Copy the result of filtering the entries below for lines that include the string "UNIV".
*** Begin section ***
lemma prob_tuple_of_weights:
  fixes \<alpha> :: "real^'j^'w::finite" and w :: "real^'j"
  assumes nonneg: "\<And>i j. 0 \<le> \<alpha> $ i $ j" and sums: "\<And>j. (\<Sum>i\<in>UNIV. \<alpha> $ i $ j) = w $ j"
  obtains \<mu> where "\<mu> \<in> prob_tuples" "\<And>i v. w \<bullet> hadamard (\<mu> i) v = \<alpha> $ i \<bullet> v"
proof
  define \<mu> :: "'w \<Rightarrow> real^'j" where
    "\<mu> i = (\<chi> j. if w $ j = 0 then 1 / real CARD('w) else \<alpha> $ i $ j / w $ j)" for i
    \<comment> \<open>for w $ j = 0 the j-th measure is irrelevant; the uniform one is taken\<close>
  have zero: "\<alpha> $ i $ j = 0" if "w $ j = 0" for i j
    using sum_nonneg_eq_0_iff[of UNIV "\<lambda>i. \<alpha> $ i $ j"] nonneg sums[of j] that by auto
  have pos: "0 < w $ j" if "w $ j \<noteq> 0" for j
    using sums[of j] sum_nonneg[of UNIV "\<lambda>i. \<alpha> $ i $ j"] nonneg that by force
  show "\<mu> \<in> prob_tuples"
    unfolding prob_tuples_def
  proof (intro CollectI conjI allI)
    fix i j
    show "0 \<le> \<mu> i $ j" using nonneg[of i j] pos[of j] by (simp add: \<mu>_def divide_nonneg_pos)
  next
    fix j
    show "(\<Sum>i\<in>UNIV. \<mu> i $ j) = 1"
    proof (cases "w $ j = 0")
      case False
      then show ?thesis using sums[of j] by (simp add: \<mu>_def flip: sum_divide_distrib)
    qed (simp add: \<mu>_def)
  qed
  show "w \<bullet> hadamard (\<mu> i) v = \<alpha> $ i \<bullet> v" for i v
    unfolding inner_vec_def hadamard_def
    by (intro sum.cong refl) (simp add: \<mu>_def zero)
qed

definition weighted_mean :: "('w::finite \<Rightarrow> real) \<Rightarrow> 'a^'w \<Rightarrow> 'a::real_vector" where
  "weighted_mean p x = (\<Sum>i\<in>UNIV. p i *\<^sub>R x $ i)"

definition deviation :: "('w::finite \<Rightarrow> real) \<Rightarrow> 'a^'w \<Rightarrow> 'a::real_vector^'w" where
  "deviation p x = (\<chi> i. x $ i - weighted_mean p x)"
*** End section ***
▶ **COMPLETED TASK**:
  assumes nonneg: "\<And>i j. 0 \<le> \<alpha> $ i $ j" and sums: "\<And>j. (\<Sum>i\<in>UNIV. \<alpha> $ i $ j) = w $ j"
    using sum_nonneg_eq_0_iff[of UNIV "\<lambda>i. \<alpha> $ i $ j"] nonneg sums[of j] that by auto
    using sums[of j] sum_nonneg[of UNIV "\<lambda>i. \<alpha> $ i $ j"] nonneg that by force
    show "(\<Sum>i\<in>UNIV. \<mu> i $ j) = 1"
  "weighted_mean p x = (\<Sum>i\<in>UNIV. p i *\<^sub>R x $ i)"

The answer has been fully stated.